Contrary to the traditional concept of artificial intelligence, explainable artificial intelligence (XAI) aims to provide explanations for the prediction results and make users perceive the system as being reliable. However, despite its importance, only a few studies have investigated how the explanations of an XAI system should be designed. This study investigates how people attribute the perceived ability of XAI systems based on perceived attributional qualities and how the power status of the XAI and anthropomorphism affect the attribution process. In a laboratory experiment, participants (N = 500) read a scenarios of using an XAI system with either lower or higher power status and reported their perceptions of the system.
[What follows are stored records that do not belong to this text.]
(* Let $n\ge3$ and let $U$ be a finite set with $|U|\ge n^{4n}$ and a fixed enumeration $U=\{v_1,\dots,v_{|U|}\}$. Let $V_1,\dots,V_n$ be i.i.d. random subsets of $U$, each obtained by including every element of $U$ independently with probability $\delta=\frac{1}{4n^2}$. For $t\in[n]$ let $P_t=\bigcap_{i=1}^{t-1}V_i$ (with $P_1=U$) and $S_t=\bigcap_{i=t}^n(U\setminus V_i)$, and when $P_t\ne\emptyset$ let $J_t=v_{r_t}$ with $r_t=\min\{r: v_r\in P_t\}$. Then $$\Pr\big(\text{for all }t\in[n]:\ P_t\ne\emptyset\ \text{and}\ J_t\in S_t\big)\ge\frac12.$$ *)

theory Defs
  imports "HOL-Probability.Probability"
begin

definition random_subset :: "'a set \<Rightarrow> real \<Rightarrow> 'a set pmf" where
  "random_subset U p = map_pmf (\<lambda>f. {x \<in> U. f x}) (Pi_pmf U False (\<lambda>_. bernoulli_pmf p))"

definition iid_subsets :: "nat \<Rightarrow> 'a set \<Rightarrow> real \<Rightarrow> (nat \<Rightarrow> 'a set) pmf" where
  "iid_subsets n U p = Pi_pmf {1..n} {} (\<lambda>_. random_subset U p)"

definition Pset :: "'a set \<Rightarrow> (nat \<Rightarrow> 'a set) \<Rightarrow> nat \<Rightarrow> 'a set" where
  "Pset U V t = U \<inter> (\<Inter>i\<in>{1..<t}. V i)"

definition Sset :: "'a set \<Rightarrow> nat \<Rightarrow> (nat \<Rightarrow> 'a set) \<Rightarrow> nat \<Rightarrow> 'a set" where
  "Sset U n V t = (\<Inter>i\<in>{t..n}. U - V i)"

definition Jelem :: "'a set \<Rightarrow> (nat \<Rightarrow> 'a) \<Rightarrow> (nat \<Rightarrow> 'a set) \<Rightarrow> nat \<Rightarrow> 'a" where
  "Jelem U v V t = v (LEAST r. r \<in> {1..card U} \<and> v r \<in> Pset U V t)"

end

theory Submission
  imports Defs
begin

text \<open>
  The event fails only if P_n is empty or J_t lies in V_i for some t \<le> i. Since J_t is determined
  by V_1, ..., V_(t-1), it is independent of V_i, so each of these at most n^2 events has
  probability at most \<delta>, and together they have probability at most n^2 \<delta> = 1/4. The elements
  of U lie in P_n independently with probability x = \<delta>^(n-1), so P_n is empty with probability
  (1 - x)^|U| \<le> 1 / (1 + |U| x) \<le> 1/4, because |U| x \<ge> 3.
\<close>

lemma Pi_pmf_Pi_pmf_conv_curry:
  assumes "finite A" "finite B"
  shows "Pi_pmf A (\<lambda>_. d) (\<lambda>a. Pi_pmf B d (q a)) =
           map_pmf curry (Pi_pmf (A \<times> B) d (\<lambda>(a, b). q a b))"
    (is "?lhs = map_pmf curry ?prod")
proof (rule pmf_eqI)
  fix H :: "'a \<Rightarrow> 'b \<Rightarrow> 'c"
  have "inj (curry :: ('a \<times> 'b \<Rightarrow> 'c) \<Rightarrow> _)"
    by (intro injI) (metis case_prod_curry)
  then have rhs: "pmf (map_pmf curry ?prod) H = pmf ?prod (case_prod H)"
    by (metis pmf_map_inj' curry_case_prod)
  have "pmf ?lhs H = pmf ?prod (case_prod H)"
  proof (cases "\<forall>a b. (a, b) \<notin> A \<times> B \<longrightarrow> H a b = d")
    case True
    then show ?thesis
      using assms by (auto simp: pmf_Pi fun_eq_iff prod.cartesian_product intro!: prod.cong)
  next
    case False
    then obtain a b where "(a, b) \<notin> A \<times> B" "H a b \<noteq> d" by auto
    then show ?thesis
      using assms by (cases "a \<in> A") (auto simp: pmf_Pi fun_eq_iff intro!: prod_zero bexI[of _ a])
  qed
  with rhs show "pmf ?lhs H = pmf (map_pmf curry ?prod) H" by simp
qed

lemma Pi_pmf_Pi_pmf_transpose:
  assumes "finite A" "finite B"
  shows "Pi_pmf A (\<lambda>_. d) (\<lambda>_. Pi_pmf B d (\<lambda>_. q)) =
           map_pmf (\<lambda>G a b. G b a) (Pi_pmf B (\<lambda>_. d) (\<lambda>_. Pi_pmf A d (\<lambda>_. q)))"
proof -
  have "Pi_pmf A (\<lambda>_. d) (\<lambda>_. Pi_pmf B d (\<lambda>_. q)) = map_pmf curry (Pi_pmf (A \<times> B) d (\<lambda>_. q))"
    using Pi_pmf_Pi_pmf_conv_curry[OF assms, of d "\<lambda>_ _. q"] by (simp add: case_prod_beta')
  also have "Pi_pmf (A \<times> B) d (\<lambda>_. q) = map_pmf (\<lambda>g. g \<circ> prod.swap) (Pi_pmf (B \<times> A) d (\<lambda>_. q))"
    by (rule Pi_pmf_bij_betw) (auto simp: assms bij_betw_def)
  also have "map_pmf curry \<dots> = map_pmf (\<lambda>G a b. G b a) (map_pmf curry (Pi_pmf (B \<times> A) d (\<lambda>_. q)))"
    by (simp add: pmf.map_comp o_def curry_def)
  also have "map_pmf curry (Pi_pmf (B \<times> A) d (\<lambda>_. q)) = Pi_pmf B (\<lambda>_. d) (\<lambda>_. Pi_pmf A d (\<lambda>_. q))"
    using Pi_pmf_Pi_pmf_conv_curry[OF assms(2,1), of d "\<lambda>_ _. q"] by (simp add: case_prod_beta')
  finally show ?thesis .
qed

lemma prob_Pi_pmf_component_le:
  assumes "finite A" "x \<in> A"
    and indep: "\<And>f y. g (f(x := y)) = g f"
    and bound: "\<And>a. measure_pmf.prob (p x) {y. R a y} \<le> c"
  shows "measure_pmf.prob (Pi_pmf A d p) {f. R (g f) (f x)} \<le> c"
proof -
  have "0 \<le> c"
    using bound measure_nonneg order_trans by blast
  have "Pi_pmf A d p = Pi_pmf (A - {x}) d p \<bind> (\<lambda>f. map_pmf (\<lambda>y. f(x := y)) (p x))"
    using Pi_pmf_insert'[of "A - {x}" x d p] assms(1,2)
    by (simp add: insert_absorb bind_commute_pmf[of "p x"] map_pmf_def)
  then have "emeasure (Pi_pmf A d p) {f. R (g f) (f x)} =
               (\<integral>\<^sup>+f. emeasure (map_pmf (\<lambda>y. f(x := y)) (p x)) {f. R (g f) (f x)} \<partial>Pi_pmf (A - {x}) d p)"
    by (simp only: emeasure_bind_pmf)
  also have "\<dots> = (\<integral>\<^sup>+f. ennreal (measure_pmf.prob (p x) {y. R (g f) y}) \<partial>Pi_pmf (A - {x}) d p)"
    by (simp add: indep measure_pmf.emeasure_eq_measure vimage_def)
  also have "\<dots> \<le> ennreal c"
    using bound \<open>0 \<le> c\<close> by (intro measure_pmf.nn_integral_le_const) (auto intro: ennreal_leI)
  finally show ?thesis
    using \<open>0 \<le> c\<close> by (simp add: measure_pmf.emeasure_eq_measure)
qed

lemma Pi_pmf_random_subset_conv_coins:
  assumes "finite I" "finite U"
  shows "Pi_pmf I {} (\<lambda>_. random_subset U p) =
           map_pmf (\<lambda>G i. {x \<in> U. G x i})
             (Pi_pmf U (\<lambda>_. False) (\<lambda>_. Pi_pmf I False (\<lambda>_. bernoulli_pmf p)))"
proof -
  have "Pi_pmf I {} (\<lambda>_. random_subset U p) =
          map_pmf (\<lambda>h i. {x \<in> U. h i x}) (Pi_pmf I (\<lambda>_. False) (\<lambda>_. Pi_pmf U False (\<lambda>_. bernoulli_pmf p)))"
    unfolding random_subset_def using assms
    by (subst Pi_pmf_map) (auto intro!: map_pmf_cong simp: comp_def)
  then show ?thesis
    by (simp add: Pi_pmf_Pi_pmf_transpose[OF assms] pmf.map_comp o_def)
qed

lemma prob_random_subset_mem:
  assumes "finite U" "0 \<le> p" "p \<le> 1"
  shows "measure_pmf.prob (random_subset U p) {Y. a \<in> Y} = (if a \<in> U then p else 0)"
proof -
  let ?coins = "Pi_pmf U False (\<lambda>_. bernoulli_pmf p)"
  have "measure_pmf.prob (random_subset U p) {Y. a \<in> Y} = measure_pmf.prob ?coins {f. a \<in> U \<and> f a}"
    unfolding random_subset_def measure_map_pmf by (intro arg_cong[where f="measure_pmf.prob _"]) auto
  also have "\<dots> = (if a \<in> U then measure_pmf.prob (map_pmf (\<lambda>f. f a) ?coins) {True} else 0)"
    by (auto simp: vimage_def)
  also have "\<dots> = (if a \<in> U then p else 0)"
    using assms by (simp add: Pi_pmf_component measure_pmf_single)
  finally show ?thesis .
qed

lemma prob_random_subsets_Inter_empty:
  assumes "finite I" "finite U" "J \<subseteq> I" "0 \<le> p" "p \<le> 1"
  shows "measure_pmf.prob (Pi_pmf I {} (\<lambda>_. random_subset U p)) {V. U \<inter> (\<Inter>i\<in>J. V i) = {}} =
           (1 - p ^ card J) ^ card U"
proof -
  let ?coins = "Pi_pmf I False (\<lambda>_. bernoulli_pmf p)"
  let ?heads_on_J = "Pi I (\<lambda>i. if i \<in> J then {True} else UNIV)"
  have "measure_pmf.prob (Pi_pmf I {} (\<lambda>_. random_subset U p)) {V. U \<inter> (\<Inter>i\<in>J. V i) = {}} =
          measure_pmf.prob (Pi_pmf U (\<lambda>_. False) (\<lambda>_. ?coins)) (Pi U (\<lambda>_. - ?heads_on_J))"
    unfolding Pi_pmf_random_subset_conv_coins[OF assms(1,2)] measure_map_pmf
    using assms(3) by (intro arg_cong[where f="measure_pmf.prob _"]) (auto simp: Pi_def set_eq_iff; blast)
  also have "\<dots> = (1 - measure_pmf.prob ?coins ?heads_on_J) ^ card U"
    using assms(2) measure_pmf.prob_compl[of ?heads_on_J ?coins]
    by (simp add: measure_Pi_pmf_Pi Compl_eq_Diff_UNIV)
  also have "measure_pmf.prob ?coins ?heads_on_J = p ^ card J"
    using assms by (simp add: measure_Pi_pmf_Pi if_distrib[of "measure_pmf.prob _"]
        measure_pmf_single prod.If_cases Int_absorb1 Int_def[symmetric])
  finally show ?thesis .
qed

lemma one_minus_power_mult_one_plus_le_1:
  fixes x :: real
  assumes "0 \<le> x" "x \<le> 1"
  shows "(1 - x) ^ N * (1 + N * x) \<le> 1"
proof -
  have "(1 - x) ^ N * (1 + N * x) \<le> (1 - x) ^ N * (1 + x) ^ N"
    using Bernoulli_inequality[of x N] assms by (intro mult_left_mono) auto
  also have "\<dots> = (1 - x\<^sup>2) ^ N"
    by (simp add: power_mult_distrib[symmetric] algebra_simps power2_eq_square)
  also have "\<dots> \<le> 1"
    using assms by (intro power_le_one) (auto simp: power_le_one)
  finally show ?thesis .
qed

lemma three_mul_power_le_power:
  fixes n :: nat
  assumes "2 \<le> n"
  shows "3 * (4 * n\<^sup>2) ^ (n - 1) \<le> n ^ (4 * n)"
proof -
  have "4 \<le> n\<^sup>2" and "3 \<le> n ^ 4"
    using power_mono[OF assms, of 2] power_mono[OF assms, of 4] by simp_all
  then have "4 * n\<^sup>2 \<le> n\<^sup>2 * n\<^sup>2"
    by (intro mult_right_mono) auto
  also have "\<dots> = n ^ 4"
    by (simp flip: power_add)
  finally have "4 * n\<^sup>2 \<le> n ^ 4" .
  then have "3 * (4 * n\<^sup>2) ^ (n - 1) \<le> n ^ 4 * (n ^ 4) ^ (n - 1)"
    using \<open>3 \<le> n ^ 4\<close> by (intro mult_le_mono power_mono) auto
  also have "\<dots> = n ^ (4 * n)"
    using assms by (simp flip: power_mult power_add add: algebra_simps)
  finally show ?thesis .
qed

lemma one_over_four_square_le_1: "1 / (4 * real n ^ 2) \<le> 1"
proof (cases "n = 0")
  case False
  then have "1 \<le> real n ^ 2"
    by (intro one_le_power) simp
  then show ?thesis
    by (simp add: divide_le_eq)
qed simp

lemma prob_Pset_empty:
  assumes "finite U" "0 \<le> p" "p \<le> 1" "t \<le> Suc n"
  shows "measure_pmf.prob (iid_subsets n U p) {V. Pset U V t = {}} = (1 - p ^ (t - 1)) ^ card U"
  unfolding iid_subsets_def Pset_def
  by (subst prob_random_subsets_Inter_empty) (use assms in auto)

lemma prob_Pset_last_empty_le:
  assumes "3 \<le> n" "finite U" "n ^ (4 * n) \<le> card U"
  shows "measure_pmf.prob (iid_subsets n U (1 / (4 * real n ^ 2))) {V. Pset U V n = {}} \<le> 1 / 4"
proof -
  define \<delta> where "\<delta> = 1 / (4 * real n ^ 2)"
  define x where "x = \<delta> ^ (n - 1)"
  have "0 \<le> \<delta>" "\<delta> \<le> 1"
    using one_over_four_square_le_1[of n] by (simp_all add: \<delta>_def)
  then have x: "0 \<le> x" "x \<le> 1"
    by (auto simp: x_def power_le_one)
  have prob_eq: "measure_pmf.prob (iid_subsets n U \<delta>) {V. Pset U V n = {}} = (1 - x) ^ card U"
    unfolding x_def using assms(2) \<open>0 \<le> \<delta>\<close> \<open>\<delta> \<le> 1\<close> by (rule prob_Pset_empty) simp
  have "real (3 * (4 * n\<^sup>2) ^ (n - 1)) \<le> card U"
    using three_mul_power_le_power[of n] assms(1,3) by (simp only: of_nat_le_iff) linarith
  then have card_U: "3 * (4 * real n ^ 2) ^ (n - 1) \<le> card U"
    by simp
  have "(4 * real n ^ 2) ^ (n - 1) * x = 1"
    using assms(1) by (simp add: x_def \<delta>_def power_one_over)
  then have "3 = 3 * (4 * real n ^ 2) ^ (n - 1) * x"
    by simp
  also have "\<dots> \<le> card U * x"
    using card_U x(1) by (rule mult_right_mono)
  finally have "3 \<le> card U * x" .
  then have "(1 - x) ^ card U * 4 \<le> (1 - x) ^ card U * (1 + card U * x)"
    using x by (intro mult_left_mono) auto
  also have "\<dots> \<le> 1"
    using x by (rule one_minus_power_mult_one_plus_le_1)
  finally show ?thesis
    using prob_eq by (simp add: \<delta>_def)
qed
Results indicated that an XAI system with a higher power status caused users to perceive the outputs of the XAI system to be more controllable by intention, and higher perceived stability and uncontrollability resulted in greater confidence in the system’s ability. The effect of perceived controllability on perceived ability was moderated by the extent to which participants anthropomorphised the system. Several design implications for XAI systems are suggested based on our findings.

Suggested Citation

  • Taehyun Ha & Young June Sah & Yuri Park & Sangwon Lee, 2022. "Examining the effects of power status of an explainable artificial intelligence system on users’ perceptions," Behaviour and Information Technology, Taylor & Francis Journals, vol. 41(5), pages 946-958, April.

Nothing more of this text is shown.